Salem Hypnotherapy Reviews

salem hypnotherapy

The Medical Recognition of Hypnotherapy

Hypnosis was first developed as a therapeutic discipline by the Scottish physician James Braid. Braid, who coined the term ‘hypnotism’, categorically rejected any supernatural explanations of trance and grounded the study of hypnotherapy on a firm empirical and scientific basis, publishing his research in Neurypnology (1843).
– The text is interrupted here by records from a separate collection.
lemma sum_PX_eq_1: "(\<Sum>x\<in>seqs (Suc m). PX (Suc m) p r x) = 1"
proof (induction m)
  case 0
  have "seqs 0 = {[]}" by (auto simp: seqs_def)
  then show ?case by (simp add: sum_seqs_Suc_Cons PX_def bern_def)
next
  case (Suc m)
  have "(\<Sum>x\<in>seqs (Suc (Suc m)). PX (Suc (Suc m)) p r x)
      = (\<Sum>x\<in>seqs (Suc m). PX (Suc m) p r x * (bern r (True \<noteq> x ! m) + bern r (False \<noteq> x ! m)))"
    by (subst sum_seqs_Suc_snoc, intro sum.cong) (auto simp: PX_snoc seqs_def algebra_simps)
  also have "\<dots> = 1"
    using Suc.IH by (simp add: bern_not_add_bern)
  finally show ?case .
qed

lemma constant_if_no_switch:
  assumes "length x = n" "\<forall>k\<in>{1..<n}. x ! k = x ! (k - 1)"
  shows "x = replicate n (x ! 0)"
proof -
  have same: "k < n \<longrightarrow> x ! k = x ! 0" for k
  proof (induction k)
    case (Suc k)
    then show ?case
      using assms(2)[rule_format, of "Suc k"] by simp
  qed simp
  show ?thesis
  proof (rule nth_equalityI)
    fix i
    assume "i < length x"
    then show "x ! i = replicate n (x ! 0) ! i"
      using same[of i] assms(1) by simp
  qed (simp add: assms(1))
qed

lemma replicate_neq_if_nonconstant:
  "x \<noteq> ones n \<Longrightarrow> x \<noteq> zeros n \<Longrightarrow> x \<noteq> replicate n b"
  by (cases b) (simp_all add: ones_def zeros_def)

lemma nonconstant_length_ge_2:
  assumes "length x = n" "x \<noteq> ones n" "x \<noteq> zeros n"
  shows "2 \<le> n"
proof (rule ccontr)
  assume "\<not> 2 \<le> n"
  then have "x = replicate n (x ! 0)"
    using assms(1) by (intro constant_if_no_switch) auto
  with assms(2,3) show False
    using replicate_neq_if_nonconstant by blast
qed
lemma weighted_square_le:
  assumes x: "x \<in> space M" and mono: "mono_on {0<..} \<phi>"
  shows "weighted_square g c x \<le> (g x - c)\<^sup>2 / \<phi> 1"
proof -
  have "W x \<ge> 1" using W_ge x by blast
  then have "\<phi> 1 \<le> \<phi> (W x)" using mono_onD[OF mono, of 1 "W x"] by simp
  moreover have "\<phi> 1 > 0" using phi_pos by simp
  ultimately show ?thesis
    unfolding weighted_square_def by (intro divide_left_mono) auto
qed

lemma lyapunov_square_bound:
  assumes g: "g \<in> D" and mono: "mono_on {0<..} \<phi>" and b: "b \<ge> 0"
    and lyap: "\<forall>x\<in>space M. L W x \<le> - \<phi> (W x) + b * indicator K x"
    and U: "U \<in> sets M" and KU: "K \<subseteq> U"
  shows "(\<integral>x. (g x - c)\<^sup>2 \<partial>M)
           \<le> (\<integral>x. G g g x / \<phi>' (W x) \<partial>M) + b / \<phi> 1 * (\<integral>x. indicator U x * (g x - c)\<^sup>2 \<partial>M)"
proof -
  let ?h = "weighted_square g c"
  have h: "?h \<in> D" using weighted_square_in_D[OF g] .
  have hL: "integrable M (\<lambda>x. ?h x * L W x)" using integration_by_parts(1)[OF W_A h] .
  have hU: "integrable M (\<lambda>x. indicator U x * ?h x)"
    using integrable_mult_indicator[OF U D_integrable[OF h]] by simp
  have sq: "integrable M (\<lambda>x. (g x - c)\<^sup>2)" using D_integrable[OF shifted_square_in_D[OF g]] .
  have sqU: "integrable M (\<lambda>x. indicator U x * (g x - c)\<^sup>2)"
    using integrable_mult_indicator[OF U sq] by simp
  have "(\<integral>x. (g x - c)\<^sup>2 \<partial>M) \<le> (\<integral>x. - (?h x * L W x) + b * (indicator U x * ?h x) \<partial>M)"
    using sq hL hU lyapunov_pointwise[OF _ b KU] lyap by (intro integral_mono) auto
  also have "\<dots> = - (\<integral>x. ?h x * L W x \<partial>M) + b * (\<integral>x. indicator U x * ?h x \<partial>M)"
    using hL hU by simp
  also have "\<dots> \<le> (\<integral>x. G g g x / \<phi>' (W x) \<partial>M) + b * (\<integral>x. indicator U x * (g x - c)\<^sup>2 / \<phi> 1 \<partial>M)"
  proof -
    have "(\<integral>x. indicator U x * ?h x \<partial>M) \<le> (\<integral>x. indicator U x * (g x - c)\<^sup>2 / \<phi> 1 \<partial>M)"
      using hU sqU weighted_square_le[OF _ mono]
      by (intro integral_mono) (auto simp: indicator_def)
    then show ?thesis
      using dissipation_bound[OF g, of c] b by (smt (verit) mult_left_mono)
  qed
  also have "\<dots> = (\<integral>x. G g g x / \<phi>' (W x) \<partial>M) + b / \<phi> 1 * (\<integral>x. indicator U x * (g x - c)\<^sup>2 \<partial>M)"
    by simp
  finally show ?thesis .
qed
Hypnosis, Medical Research & the BMA
In 1892, the British Medical Association (BMA) responded to growing interest in hypnotherapy by commissioning a special committee of eleven doctors ‘to investigate the nature of the phenomenon of hypnotism, its value as a therapeutic agent, and the propriety of using it.’ Their report was received and published by the BMA, it opens with a clear recognition of the phenomenon of hypnotic trance:

‘The Committee, having completed such investigation of hypnotism as time permitted, have to report that they have satisfied themselves of the genuineness of the hypnotic state.’ (BMA, 1892)

The BMA Committee proceeded to outline a detailed and accurate account of the physical and mental characteristics of hypnotic trance, concluding with a summary of its principal therapeutic benefits,

‘The Committee are of opinion that as a therapeutic agent hypnotism is frequently effective in relieving pain, procuring sleep, and alleviating many functional [i.e., neurotic] ailments.’ (BMA, 1892)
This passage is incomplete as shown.